↓↓↓

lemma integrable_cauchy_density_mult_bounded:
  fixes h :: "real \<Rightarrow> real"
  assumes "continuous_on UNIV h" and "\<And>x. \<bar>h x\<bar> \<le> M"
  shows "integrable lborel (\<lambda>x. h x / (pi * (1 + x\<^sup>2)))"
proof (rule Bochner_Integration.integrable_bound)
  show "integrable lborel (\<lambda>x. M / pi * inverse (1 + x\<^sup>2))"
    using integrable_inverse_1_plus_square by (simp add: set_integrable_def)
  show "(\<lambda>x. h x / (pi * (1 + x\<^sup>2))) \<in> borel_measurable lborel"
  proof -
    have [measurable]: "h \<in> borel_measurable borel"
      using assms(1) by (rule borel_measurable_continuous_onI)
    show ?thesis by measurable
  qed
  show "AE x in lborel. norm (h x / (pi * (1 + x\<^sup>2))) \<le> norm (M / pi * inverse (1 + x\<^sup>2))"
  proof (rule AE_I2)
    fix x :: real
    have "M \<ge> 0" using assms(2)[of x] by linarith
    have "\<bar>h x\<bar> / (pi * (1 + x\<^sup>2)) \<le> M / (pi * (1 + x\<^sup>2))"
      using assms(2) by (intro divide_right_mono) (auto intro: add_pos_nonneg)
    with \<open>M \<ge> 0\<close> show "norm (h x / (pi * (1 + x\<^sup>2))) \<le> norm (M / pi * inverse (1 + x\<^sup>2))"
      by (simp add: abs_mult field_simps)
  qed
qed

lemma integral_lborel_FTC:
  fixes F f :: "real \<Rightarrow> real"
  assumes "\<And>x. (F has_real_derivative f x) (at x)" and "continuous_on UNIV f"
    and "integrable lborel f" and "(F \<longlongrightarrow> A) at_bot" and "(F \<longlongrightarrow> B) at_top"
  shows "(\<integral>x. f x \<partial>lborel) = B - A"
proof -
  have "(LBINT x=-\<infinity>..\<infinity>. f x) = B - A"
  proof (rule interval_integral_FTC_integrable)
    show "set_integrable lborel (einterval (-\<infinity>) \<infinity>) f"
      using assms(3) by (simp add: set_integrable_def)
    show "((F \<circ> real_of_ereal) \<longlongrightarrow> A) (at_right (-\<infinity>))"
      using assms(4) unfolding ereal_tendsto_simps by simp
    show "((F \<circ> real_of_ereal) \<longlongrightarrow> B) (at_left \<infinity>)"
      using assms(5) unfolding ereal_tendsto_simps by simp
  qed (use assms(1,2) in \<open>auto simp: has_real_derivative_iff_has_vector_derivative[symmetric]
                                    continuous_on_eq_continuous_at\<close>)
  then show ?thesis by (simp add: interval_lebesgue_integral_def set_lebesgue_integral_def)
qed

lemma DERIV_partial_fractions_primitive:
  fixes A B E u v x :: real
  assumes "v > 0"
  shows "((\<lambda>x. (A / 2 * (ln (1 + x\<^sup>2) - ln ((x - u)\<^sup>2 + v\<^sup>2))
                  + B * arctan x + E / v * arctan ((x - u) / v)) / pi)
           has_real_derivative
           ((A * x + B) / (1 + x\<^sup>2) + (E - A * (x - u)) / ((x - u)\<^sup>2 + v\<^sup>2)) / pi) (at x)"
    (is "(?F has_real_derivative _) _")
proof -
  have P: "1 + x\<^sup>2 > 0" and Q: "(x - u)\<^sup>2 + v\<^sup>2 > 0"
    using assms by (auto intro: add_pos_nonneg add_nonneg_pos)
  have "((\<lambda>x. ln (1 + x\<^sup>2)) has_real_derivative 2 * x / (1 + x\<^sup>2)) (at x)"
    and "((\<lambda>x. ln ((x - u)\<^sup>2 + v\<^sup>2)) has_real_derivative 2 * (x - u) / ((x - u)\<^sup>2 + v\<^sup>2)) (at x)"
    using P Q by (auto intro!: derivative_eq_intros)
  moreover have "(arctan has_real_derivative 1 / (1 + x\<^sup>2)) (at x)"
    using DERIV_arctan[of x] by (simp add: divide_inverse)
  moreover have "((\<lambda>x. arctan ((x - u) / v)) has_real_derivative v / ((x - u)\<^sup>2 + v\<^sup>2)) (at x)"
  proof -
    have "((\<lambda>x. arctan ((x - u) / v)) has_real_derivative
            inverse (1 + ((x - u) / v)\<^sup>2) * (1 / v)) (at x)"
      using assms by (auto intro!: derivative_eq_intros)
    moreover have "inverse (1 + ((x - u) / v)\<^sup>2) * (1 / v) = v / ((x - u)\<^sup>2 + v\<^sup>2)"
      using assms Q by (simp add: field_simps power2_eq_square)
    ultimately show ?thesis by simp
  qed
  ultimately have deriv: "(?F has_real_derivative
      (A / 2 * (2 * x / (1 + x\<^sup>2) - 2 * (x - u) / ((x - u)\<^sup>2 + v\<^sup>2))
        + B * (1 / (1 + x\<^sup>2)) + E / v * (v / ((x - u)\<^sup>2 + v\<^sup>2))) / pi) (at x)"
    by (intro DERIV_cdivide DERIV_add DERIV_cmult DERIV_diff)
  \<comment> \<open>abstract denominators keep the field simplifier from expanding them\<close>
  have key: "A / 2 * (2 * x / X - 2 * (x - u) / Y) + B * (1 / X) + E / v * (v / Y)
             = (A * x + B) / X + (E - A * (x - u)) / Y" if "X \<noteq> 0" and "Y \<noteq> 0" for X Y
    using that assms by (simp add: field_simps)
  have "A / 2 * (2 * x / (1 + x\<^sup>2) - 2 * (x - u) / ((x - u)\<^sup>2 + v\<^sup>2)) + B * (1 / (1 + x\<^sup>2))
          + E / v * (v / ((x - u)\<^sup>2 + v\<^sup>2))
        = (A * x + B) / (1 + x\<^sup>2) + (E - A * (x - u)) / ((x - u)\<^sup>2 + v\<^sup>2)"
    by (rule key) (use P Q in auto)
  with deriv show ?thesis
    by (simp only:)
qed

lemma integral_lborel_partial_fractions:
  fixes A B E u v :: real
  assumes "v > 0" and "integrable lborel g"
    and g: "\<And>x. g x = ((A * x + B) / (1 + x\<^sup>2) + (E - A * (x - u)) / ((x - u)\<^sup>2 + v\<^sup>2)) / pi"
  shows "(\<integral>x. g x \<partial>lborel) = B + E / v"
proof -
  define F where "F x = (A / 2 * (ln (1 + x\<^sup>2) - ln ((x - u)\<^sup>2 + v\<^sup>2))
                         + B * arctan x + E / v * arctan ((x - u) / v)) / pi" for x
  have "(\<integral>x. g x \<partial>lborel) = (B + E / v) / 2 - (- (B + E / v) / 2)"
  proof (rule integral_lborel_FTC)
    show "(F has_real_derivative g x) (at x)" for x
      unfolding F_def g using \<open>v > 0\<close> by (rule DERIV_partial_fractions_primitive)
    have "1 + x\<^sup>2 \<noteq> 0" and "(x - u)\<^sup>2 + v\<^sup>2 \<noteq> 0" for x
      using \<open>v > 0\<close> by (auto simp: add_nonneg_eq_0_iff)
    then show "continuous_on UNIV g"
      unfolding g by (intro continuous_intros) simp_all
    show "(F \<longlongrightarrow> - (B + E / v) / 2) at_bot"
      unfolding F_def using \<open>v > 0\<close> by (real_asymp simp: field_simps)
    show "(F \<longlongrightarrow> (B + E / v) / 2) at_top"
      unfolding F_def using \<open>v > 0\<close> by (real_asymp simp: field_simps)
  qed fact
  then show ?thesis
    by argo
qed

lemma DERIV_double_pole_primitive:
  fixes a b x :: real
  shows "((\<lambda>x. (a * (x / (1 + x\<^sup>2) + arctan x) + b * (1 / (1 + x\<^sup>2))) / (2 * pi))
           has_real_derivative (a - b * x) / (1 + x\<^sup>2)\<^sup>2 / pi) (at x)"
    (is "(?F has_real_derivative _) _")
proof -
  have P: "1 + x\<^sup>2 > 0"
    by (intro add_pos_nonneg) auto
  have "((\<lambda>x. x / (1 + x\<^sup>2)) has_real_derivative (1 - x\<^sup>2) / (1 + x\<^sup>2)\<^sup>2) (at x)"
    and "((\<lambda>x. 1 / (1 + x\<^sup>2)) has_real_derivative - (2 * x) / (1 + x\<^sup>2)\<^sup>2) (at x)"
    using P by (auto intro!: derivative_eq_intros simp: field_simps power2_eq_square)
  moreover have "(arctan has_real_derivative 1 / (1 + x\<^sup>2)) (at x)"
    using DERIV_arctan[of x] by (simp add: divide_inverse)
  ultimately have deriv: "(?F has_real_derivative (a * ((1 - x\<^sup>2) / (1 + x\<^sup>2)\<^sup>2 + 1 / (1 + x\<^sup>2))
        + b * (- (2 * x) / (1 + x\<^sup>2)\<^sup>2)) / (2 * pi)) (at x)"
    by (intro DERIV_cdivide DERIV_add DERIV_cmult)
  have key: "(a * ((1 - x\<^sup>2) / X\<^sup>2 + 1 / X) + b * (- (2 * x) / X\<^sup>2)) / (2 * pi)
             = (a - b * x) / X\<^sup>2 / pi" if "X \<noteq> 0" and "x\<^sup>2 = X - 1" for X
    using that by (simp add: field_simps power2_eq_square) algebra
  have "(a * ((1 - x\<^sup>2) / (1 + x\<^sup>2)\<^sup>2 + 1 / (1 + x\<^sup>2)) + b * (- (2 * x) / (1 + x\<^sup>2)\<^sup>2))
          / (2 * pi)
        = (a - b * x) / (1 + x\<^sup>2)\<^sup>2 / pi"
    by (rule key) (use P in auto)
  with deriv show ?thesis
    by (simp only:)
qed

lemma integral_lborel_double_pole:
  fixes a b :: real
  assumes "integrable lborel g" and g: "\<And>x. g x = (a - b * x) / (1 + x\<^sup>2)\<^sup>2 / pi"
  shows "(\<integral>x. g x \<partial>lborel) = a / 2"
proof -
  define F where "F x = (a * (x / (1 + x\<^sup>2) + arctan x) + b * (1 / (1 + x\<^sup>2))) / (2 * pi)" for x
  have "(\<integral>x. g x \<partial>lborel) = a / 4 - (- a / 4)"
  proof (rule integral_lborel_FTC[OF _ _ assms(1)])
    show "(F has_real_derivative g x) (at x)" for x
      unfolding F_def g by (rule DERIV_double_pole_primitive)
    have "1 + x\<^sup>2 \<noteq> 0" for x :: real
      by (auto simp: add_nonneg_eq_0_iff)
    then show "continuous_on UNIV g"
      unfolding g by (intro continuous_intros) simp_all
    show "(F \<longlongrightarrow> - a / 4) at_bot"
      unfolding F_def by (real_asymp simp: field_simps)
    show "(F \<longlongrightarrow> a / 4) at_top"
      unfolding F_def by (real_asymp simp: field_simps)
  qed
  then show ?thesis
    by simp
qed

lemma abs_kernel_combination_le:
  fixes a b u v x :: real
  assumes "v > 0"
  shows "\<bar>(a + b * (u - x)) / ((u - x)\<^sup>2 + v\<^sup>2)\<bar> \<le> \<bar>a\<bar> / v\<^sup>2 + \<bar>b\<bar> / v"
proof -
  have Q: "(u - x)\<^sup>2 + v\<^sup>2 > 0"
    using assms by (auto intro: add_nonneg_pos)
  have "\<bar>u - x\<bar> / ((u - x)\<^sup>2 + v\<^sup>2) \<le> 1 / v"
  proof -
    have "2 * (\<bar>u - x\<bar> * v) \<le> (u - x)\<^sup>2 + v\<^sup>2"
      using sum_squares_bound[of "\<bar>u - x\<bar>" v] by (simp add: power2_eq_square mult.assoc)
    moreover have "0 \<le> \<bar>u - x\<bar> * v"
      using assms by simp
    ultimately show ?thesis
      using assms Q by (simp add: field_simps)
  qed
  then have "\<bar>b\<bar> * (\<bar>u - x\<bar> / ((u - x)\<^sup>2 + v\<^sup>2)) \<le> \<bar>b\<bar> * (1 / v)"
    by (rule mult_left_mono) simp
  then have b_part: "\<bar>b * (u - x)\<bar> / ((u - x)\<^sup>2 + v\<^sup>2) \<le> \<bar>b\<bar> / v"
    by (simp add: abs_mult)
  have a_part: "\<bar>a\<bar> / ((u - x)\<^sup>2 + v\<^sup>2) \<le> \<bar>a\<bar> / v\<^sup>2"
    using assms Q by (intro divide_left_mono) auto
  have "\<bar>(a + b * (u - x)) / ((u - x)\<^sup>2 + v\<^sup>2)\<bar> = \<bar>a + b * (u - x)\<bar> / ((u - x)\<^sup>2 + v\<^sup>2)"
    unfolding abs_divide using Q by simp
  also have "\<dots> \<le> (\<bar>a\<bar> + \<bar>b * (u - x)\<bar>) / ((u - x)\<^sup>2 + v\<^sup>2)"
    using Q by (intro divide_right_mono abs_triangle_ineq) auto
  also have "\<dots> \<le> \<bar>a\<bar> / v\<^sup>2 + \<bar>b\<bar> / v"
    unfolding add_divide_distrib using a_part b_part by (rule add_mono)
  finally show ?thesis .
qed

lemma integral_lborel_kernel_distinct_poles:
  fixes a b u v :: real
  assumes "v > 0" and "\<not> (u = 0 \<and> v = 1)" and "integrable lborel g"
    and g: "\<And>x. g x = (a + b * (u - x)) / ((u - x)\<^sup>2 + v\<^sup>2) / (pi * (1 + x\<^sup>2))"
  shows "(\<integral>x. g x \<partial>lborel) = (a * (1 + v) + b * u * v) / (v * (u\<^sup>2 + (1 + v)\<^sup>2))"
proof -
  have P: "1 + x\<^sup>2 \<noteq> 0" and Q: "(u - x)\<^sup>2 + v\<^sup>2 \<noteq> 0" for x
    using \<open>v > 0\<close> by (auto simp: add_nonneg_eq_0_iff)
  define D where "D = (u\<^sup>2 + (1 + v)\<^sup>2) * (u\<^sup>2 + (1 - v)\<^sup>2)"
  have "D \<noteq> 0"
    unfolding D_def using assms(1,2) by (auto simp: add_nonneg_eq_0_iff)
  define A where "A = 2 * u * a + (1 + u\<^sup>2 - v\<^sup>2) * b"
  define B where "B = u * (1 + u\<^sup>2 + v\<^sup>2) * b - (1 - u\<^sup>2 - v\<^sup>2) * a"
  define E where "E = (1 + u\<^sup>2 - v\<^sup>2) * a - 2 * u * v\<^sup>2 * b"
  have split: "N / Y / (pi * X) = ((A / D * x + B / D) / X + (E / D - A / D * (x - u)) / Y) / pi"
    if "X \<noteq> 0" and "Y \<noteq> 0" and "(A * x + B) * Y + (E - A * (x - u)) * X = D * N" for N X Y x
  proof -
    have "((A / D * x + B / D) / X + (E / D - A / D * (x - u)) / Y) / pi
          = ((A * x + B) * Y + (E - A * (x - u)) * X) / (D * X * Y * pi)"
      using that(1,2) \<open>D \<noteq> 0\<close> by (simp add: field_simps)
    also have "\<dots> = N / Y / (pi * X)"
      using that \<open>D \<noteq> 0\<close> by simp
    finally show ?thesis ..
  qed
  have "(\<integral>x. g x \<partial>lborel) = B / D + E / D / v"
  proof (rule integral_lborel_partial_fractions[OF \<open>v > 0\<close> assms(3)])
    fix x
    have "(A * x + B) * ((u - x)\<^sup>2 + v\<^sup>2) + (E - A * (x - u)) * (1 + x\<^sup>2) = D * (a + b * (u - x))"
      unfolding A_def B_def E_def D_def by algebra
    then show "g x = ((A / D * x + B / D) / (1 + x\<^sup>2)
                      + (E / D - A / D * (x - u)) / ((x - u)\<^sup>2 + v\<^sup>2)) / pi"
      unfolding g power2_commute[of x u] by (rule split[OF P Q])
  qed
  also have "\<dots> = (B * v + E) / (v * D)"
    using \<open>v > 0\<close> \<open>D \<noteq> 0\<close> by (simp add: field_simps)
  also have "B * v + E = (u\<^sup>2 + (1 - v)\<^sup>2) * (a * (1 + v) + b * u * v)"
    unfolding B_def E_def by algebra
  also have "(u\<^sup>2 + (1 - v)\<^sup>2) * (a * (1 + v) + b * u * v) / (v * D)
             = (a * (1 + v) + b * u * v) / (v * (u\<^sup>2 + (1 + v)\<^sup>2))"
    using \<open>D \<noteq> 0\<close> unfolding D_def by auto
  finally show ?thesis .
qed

↑↑↑

**Instructions to follow:** Your answer should be a single number: the count of lines in the data that include the word "dots".

**Response to the exercise:** 4